All individuals on the lower bound have nonzero values for unobserved inputs because some of these inputs contribute negatively to the COMPAS score, thereby negating the positive contribution from other inputs, allowing the individual to have the lowest possible COMPAS score. We find this unlikely because, according to the COMPAS documentation, age and age-at-first-arrest are the only variables that contribute negatively to the COMPAS score. As discussed above, age-at-first-arrest equals age for most of the individuals on the lower bound, so there is no contribution from age-at-first-arrest.
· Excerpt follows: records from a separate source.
lemma delta_G_split:
  assumes gr: "graph V E ends" and AY: "A \<subseteq> Y"
    and closed: "\<And>e x y. e \<in> E \<Longrightarrow> ends e = {x, y} \<Longrightarrow> x \<in> A \<Longrightarrow> y \<in> Y \<Longrightarrow> y \<in> A"
  shows "delta_G E ends Y = delta_G E ends A \<union> delta_G E ends (Y - A)"
    "delta_G E ends A \<inter> delta_G E ends (Y - A) = {}"
proof -
  have "(card (ends e \<inter> Y) = 1 \<longleftrightarrow> card (ends e \<inter> A) = 1 \<or> card (ends e \<inter> (Y - A)) = 1) \<and>
      \<not> (card (ends e \<inter> A) = 1 \<and> card (ends e \<inter> (Y - A)) = 1)" if e: "e \<in> E" for e
  proof -
    obtain x y where xy: "x \<noteq> y" "ends e = {x, y}" using graph_edge_ends[OF gr e] by metis
    have "ends e = {y, x}" using xy(2) by (simp add: insert_commute)
    hence "x \<in> A \<Longrightarrow> y \<in> Y \<Longrightarrow> y \<in> A" "y \<in> A \<Longrightarrow> x \<in> Y \<Longrightarrow> x \<in> A"
      using closed[OF e xy(2)] closed[OF e] by blast+
    thus ?thesis using xy AY by auto
  qed
  thus "delta_G E ends Y = delta_G E ends A \<union> delta_G E ends (Y - A)"
    "delta_G E ends A \<inter> delta_G E ends (Y - A) = {}"
    unfolding delta_G_def by blast+
qed

text \<open>If both ends of a demand pair {a, b} lie in Y but b is not reachable from a inside Y, then
  the cut of Y has surplus at least 2 r{a,b}: the cut condition for A (the part reachable from a)
  and for Y - A each count {a, b}, which does not cross the cut of Y.\<close>

lemma disconnected_pair_surplus:
  assumes inst: "multiflow_instance V E ends H r c" and cut: "cut_condition V E ends H r c"
    and Y: "Y \<subseteq> V" and ab: "a \<in> Y" "b \<in> Y" "{a, b} \<in> H" and nr: "\<not> reach Y E ends a b"
  shows "(\<Sum>e\<in>delta_G E ends Y. c e) \<ge> (\<Sum>h\<in>delta_H H Y. r h) + 2 * r {a, b}"
proof -
  have gr: "graph V E ends" and fE: "finite E" and r_nonneg: "\<And>h. h \<in> H \<Longrightarrow> 0 \<le> r h"
    and Hp: "\<forall>h\<in>H. \<exists>u v. u \<in> V \<and> v \<in> V \<and> u \<noteq> v \<and> h = {u, v}"
    using inst by (auto simp: multiflow_instance_def graph_def less_imp_le)
  have fd: "finite (delta_H H X)" for X
    using multiflow_instance_finite_demands[OF inst] by (simp add: delta_H_def)
  define A where "A = {v. reach Y E ends a v}"
  define B where "B = Y - A"
  have AY: "A \<subseteq> Y" using reach_in_set by (auto simp: A_def)
  have aA: "a \<in> A" using ab by (auto simp: A_def intro: reach.refl)
  have bB: "b \<in> B" and abne: "a \<noteq> b" using ab nr aA by (auto simp: A_def B_def)
  have closed: "y \<in> A" if "e \<in> E" "ends e = {x, y}" "x \<in> A" "y \<in> Y" for e x y
  proof -
    have "reach Y E ends a x" "ends e \<subseteq> Y" using that AY by (auto simp: A_def)
    thus "y \<in> A" using reach.step[of Y E ends a x e y] that by (simp add: A_def)
  qed
  have capY: "(\<Sum>e\<in>delta_G E ends Y. c e) = (\<Sum>e\<in>delta_G E ends A. c e) + (\<Sum>e\<in>delta_G E ends B. c e)"
    using delta_G_split[OF gr AY closed] fE unfolding B_def
    by (simp add: delta_G_def sum.union_disjoint)
  have cutA: "(\<Sum>e\<in>delta_G E ends A. c e) \<ge> (\<Sum>h\<in>delta_H H A. r h)"
    and cutB: "(\<Sum>e\<in>delta_G E ends B. c e) \<ge> (\<Sum>h\<in>delta_H H B. r h)"
    using cut AY Y unfolding cut_condition_def B_def by (meson Diff_subset order_trans)+
  have "delta_H H Y \<subseteq> delta_H H A \<union> delta_H H B" using Hp AY
    by (fastforce simp: delta_H_def B_def)
  moreover have ab_AB: "{a, b} \<in> delta_H H A \<inter> delta_H H B" and ab_Y: "{a, b} \<notin> delta_H H Y"
    using ab aA bB abne by (auto simp: delta_H_def B_def)
  ultimately have "r {a, b} + (\<Sum>h\<in>delta_H H Y. r h) \<le> (\<Sum>h\<in>delta_H H A \<union> delta_H H B. r h)"
    using fd r_nonneg
    by (subst sum.insert[OF fd ab_Y, symmetric]) (intro sum_mono2; auto simp: delta_H_def)
  moreover have "r {a, b} \<le> (\<Sum>h\<in>delta_H H A \<inter> delta_H H B. r h)"
    using ab_AB fd r_nonneg by (intro member_le_sum) (auto simp: delta_H_def)
  moreover have "(\<Sum>h\<in>delta_H H A. r h) + (\<Sum>h\<in>delta_H H B. r h)
      = (\<Sum>h\<in>delta_H H A \<union> delta_H H B. r h) + (\<Sum>h\<in>delta_H H A \<inter> delta_H H B. r h)"
    using fd by (simp add: sum.union_inter)
  ultimately show ?thesis using capY cutA cutB by simp
qed
text \<open>Weak closedness of \<open>F\<close> and the domain assumptions only matter for the convergence of the
  exact iteration.\<close>

theorem mainTheorem8:
  fixes R :: "'a::{real_inner,complete_space} \<Rightarrow> ereal"
    and F :: "'a \<Rightarrow> 'b::{real_inner,complete_space}"
    and domF :: "'a set"
    and L :: "'a \<Rightarrow> ('a \<Rightarrow>\<^sub>L 'b)"
    and Ladj :: "'a \<Rightarrow> 'b \<Rightarrow> 'a"
    and y :: 'b and x0 xbar \<xi>0 :: 'a
    and \<sigma> \<rho> \<eta> Lc \<tau> \<mu>0 \<mu>1 \<beta> :: real
    and adaptive :: bool
    and \<delta> :: "nat \<Rightarrow> real" and yd :: "nat \<Rightarrow> 'b"
    and nhat :: nat
  assumes R_proper: "proper_fun R" and R_lsc: "lsc_fun R"
    and sigma_pos: "\<sigma> > 0" and R_sc: "strongly_convex_fun R \<sigma>"
    and rho_pos: "\<rho> > 0" and xi0_sub: "\<xi>0 \<in> subdiff R x0"
    and ball_dom: "cball x0 (2 * \<rho>) \<subseteq> domF"
    and xbar_dom: "xbar \<in> domF" and xbar_sol: "F xbar = y"
    and xbar_breg: "bregman R \<xi>0 xbar x0 \<le> ereal (\<sigma> * \<rho>\<^sup>2)"
    and F_weakly_closed: "\<And>X x v. (\<forall>n. X n \<in> domF) \<Longrightarrow> weak_conv X x \<Longrightarrow>
              ((\<lambda>n. F (X n)) \<longlongrightarrow> v) sequentially \<Longrightarrow> x \<in> domF \<and> F x = v"
    and L_cont: "continuous_on (cball x0 (2 * \<rho>)) L"
    and Ladj_adj: "\<And>x v w. inner (blinfun_apply (L x) v) w = inner v (Ladj x w)"
    and eta: "0 \<le> \<eta>" "\<eta> < 1"
    and tcc: "\<And>x x'. x \<in> cball x0 (2 * \<rho>) \<Longrightarrow> x' \<in> cball x0 (2 * \<rho>) \<Longrightarrow>
              norm (F x - F x' - blinfun_apply (L x') (x - x')) \<le> \<eta> * norm (F x - F x')"
    and Lc_pos: "Lc > 0" and L_bound: "\<And>x. x \<in> cball x0 (2 * \<rho>) \<Longrightarrow> norm (L x) \<le> Lc"
    and tau: "\<tau> > 1" and mu0: "\<mu>0 > 0" and mu1: "\<mu>1 > 0" and beta: "\<beta> > 0"
    and cond: "1 - (1 + \<eta>) / \<tau> - \<eta> - \<mu>0 / (4 * \<sigma>) > 0"
    and delta_pos: "\<And>l. \<delta> l > 0" and delta_lim: "\<delta> \<longlonglongrightarrow> 0"
    and noise: "\<And>l. norm (yd l - y) \<le> \<delta> l"
    and nhat: "enat nhat \<le> liminf (\<lambda>l. stop_index R F Ladj \<eta> \<sigma> Lc adaptive \<mu>0 \<mu>1 \<beta> \<tau> (\<delta> l) (yd l) \<xi>0)"
  shows "\<forall>n\<le>nhat.
     (\<lambda>l. xi_seq R F Ladj \<eta> \<sigma> Lc adaptive \<mu>0 \<mu>1 \<beta> (\<delta> l) (yd l) \<xi>0 n)
        \<longlonglongrightarrow> xi_seq R F Ladj \<eta> \<sigma> Lc adaptive \<mu>0 \<mu>1 \<beta> 0 y \<xi>0 n
   \<and> (\<lambda>l. x_seq R F Ladj \<eta> \<sigma> Lc adaptive \<mu>0 \<mu>1 \<beta> (\<delta> l) (yd l) \<xi>0 n)
        \<longlonglongrightarrow> x_seq R F Ladj \<eta> \<sigma> Lc adaptive \<mu>0 \<mu>1 \<beta> 0 y \<xi>0 n"
proof -
  interpret heavy_ball_setting R \<sigma> x0 \<xi>0 F L Ladj \<eta> Lc \<mu>0 \<mu>1 \<beta> \<tau> \<rho> adaptive y xbar
    by unfold_locales (use assms in auto)
  have discrepancy: "eventually (\<lambda>l. \<forall>k<nhat. (1 + \<eta>) * \<delta> l \<le> c0 * norm (res_n (\<delta> l) (yd l) k)) sequentially"
    using eventually_less_of_le_liminf[OF nhat]
    by (rule eventually_mono) (simp add: discrepancy_before_stop delta_pos)
  have xi: "noisy \<delta> yd xi_n n \<longlonglongrightarrow> xi_n 0 y n" if "n \<le> nhat" for n
    using iterates_tendsto[OF delta_lim noise discrepancy that] by (rule conjunct1)
  show ?thesis
    unfolding xi_seq_eq x_seq_eq x_n_def using xi grad_conj_tendsto by simp
qed

end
Though we claim the COMPAS documentation is not completely accurate, we believe it is reliable in this respect because it would be unintuitive for the other inputs to contribute negatively to the COMPAS scores.
Some individuals on the lower bound have nonzero values for unobserved inputs, but manual overrides occurred for all of these individuals so that the only contribution to their score was age. This is possible, but implies that the only factor influencing their COMPAS scores was age, which then agrees with our hypothesis.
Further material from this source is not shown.